Saved entries

===============

section \<open>The angular integral\<close>

lemma has_real_derivative_neg_dilog_square:
  assumes "c > 0" "y > 0"
  shows "((\<lambda>y. neg_dilog (c * y^2) / 2) has_real_derivative ln (1 + c * y^2) / y) (at y)"
proof -
  have "((\<lambda>y. neg_dilog (c * y^2) / 2) has_real_derivative ln1p_div (c * y^2) * (c * (2 * y)) / 2) (at y)"
    using assms
    by (auto intro!: DERIV_cdivide DERIV_chain2[OF has_real_derivative_neg_dilog] derivative_eq_intros)
  then show ?thesis
    using assms by (simp add: ln1p_div_nonzero power2_eq_square field_simps)
qed

definition quartic :: "real \<Rightarrow> real" where
  "quartic y = 1 + 6 * y^2 + y^4"

lemma silver_square_plus_inverse: "(1 + sqrt 2)^2 + 1 / (1 + sqrt 2)^2 = (6::real)"
proof -
  have "0 < 1 + sqrt (2::real)"
    using real_sqrt_ge_zero[of 2] by linarith
  moreover have "(1 + sqrt 2) * (sqrt 2 - 1) = (1::real)"
    by (simp add: algebra_simps)
  ultimately have "1 / (1 + sqrt 2)^2 = (sqrt 2 - 1)^2"
    by (simp add: field_simps flip: power_mult_distrib)
  then show ?thesis
    by (simp add: power2_eq_square algebra_simps)
qed

lemma has_real_derivative_quartic_primitive:
  assumes "a > 0" "a + 1/a = 6" "y > 0"
  shows "((\<lambda>y. 4 * neg_dilog y - neg_dilog (a * y^2) / 2 - neg_dilog (1/a * y^2) / 2)
           has_real_derivative (4 * ln (1 + y) - ln (quartic y)) / y) (at y)"
proof -
  have "(1 + a * y^2) * (1 + 1/a * y^2) = 1 + (a + 1/a) * y^2 + y^4"
    using assms(1) by (simp add: power2_eq_square power4_eq_xxxx algebra_simps)
  then have "quartic y = (1 + a * y^2) * (1 + 1/a * y^2)"
    unfolding assms(2) quartic_def by simp
  moreover have "0 < 1 + a * y^2" "0 < 1 + 1/a * y^2"
    using assms(1) by (auto intro!: add_pos_nonneg)
  ultimately have ln_quartic: "ln (quartic y) = ln (1 + a * y^2) + ln (1 + 1/a * y^2)"
    by (simp add: ln_mult)
  have "((\<lambda>y. 4 * neg_dilog y) has_real_derivative 4 * (ln (1 + y) / y)) (at y)"
    using assms DERIV_cmult[OF has_real_derivative_neg_dilog] by (simp add: ln1p_div_nonzero)
  then have "((\<lambda>y. 4 * neg_dilog y - neg_dilog (a * y^2) / 2 - neg_dilog (1/a * y^2) / 2) has_real_derivative
      4 * (ln (1 + y) / y) - ln (1 + a * y^2) / y - ln (1 + 1/a * y^2) / y) (at y)"
    using assms by (intro DERIV_diff has_real_derivative_neg_dilog_square) auto
  moreover have "4 * (ln (1 + y) / y) - ln (1 + a * y^2) / y - ln (1 + 1/a * y^2) / y
      = (4 * ln (1 + y) - ln (quartic y)) / y"
    unfolding ln_quartic by (simp add: diff_divide_distrib add_divide_distrib)
  ultimately show ?thesis
    by simp
qed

===============

▶ _Task directions_: Once you find the line with "sqrt 2) * (sqrt" in the entries above, output it and each line after it up to and including the line with "using assms by (intro", and nothing else.

▶ _Response_:
  moreover have "(1 + sqrt 2) * (sqrt 2 - 1) = (1::real)"
    by (simp add: algebra_simps)
  ultimately have "1 / (1 + sqrt 2)^2 = (sqrt 2 - 1)^2"
    by (simp add: field_simps flip: power_mult_distrib)
  then show ?thesis
    by (simp add: power2_eq_square algebra_simps)
qed

lemma has_real_derivative_quartic_primitive:
  assumes "a > 0" "a + 1/a = 6" "y > 0"
  shows "((\<lambda>y. 4 * neg_dilog y - neg_dilog (a * y^2) / 2 - neg_dilog (1/a * y^2) / 2)
           has_real_derivative (4 * ln (1 + y) - ln (quartic y)) / y) (at y)"
proof -
  have "(1 + a * y^2) * (1 + 1/a * y^2) = 1 + (a + 1/a) * y^2 + y^4"
    using assms(1) by (simp add: power2_eq_square power4_eq_xxxx algebra_simps)
  then have "quartic y = (1 + a * y^2) * (1 + 1/a * y^2)"
    unfolding assms(2) quartic_def by simp
  moreover have "0 < 1 + a * y^2" "0 < 1 + 1/a * y^2"
    using assms(1) by (auto intro!: add_pos_nonneg)
  ultimately have ln_quartic: "ln (quartic y) = ln (1 + a * y^2) + ln (1 + 1/a * y^2)"
    by (simp add: ln_mult)
  have "((\<lambda>y. 4 * neg_dilog y) has_real_derivative 4 * (ln (1 + y) / y)) (at y)"
    using assms DERIV_cmult[OF has_real_derivative_neg_dilog] by (simp add: ln1p_div_nonzero)
  then have "((\<lambda>y. 4 * neg_dilog y - neg_dilog (a * y^2) / 2 - neg_dilog (1/a * y^2) / 2) has_real_derivative
      4 * (ln (1 + y) / y) - ln (1 + a * y^2) / y - ln (1 + 1/a * y^2) / y) (at y)"
    using assms by (intro DERIV_diff has_real_derivative_neg_dilog_square) auto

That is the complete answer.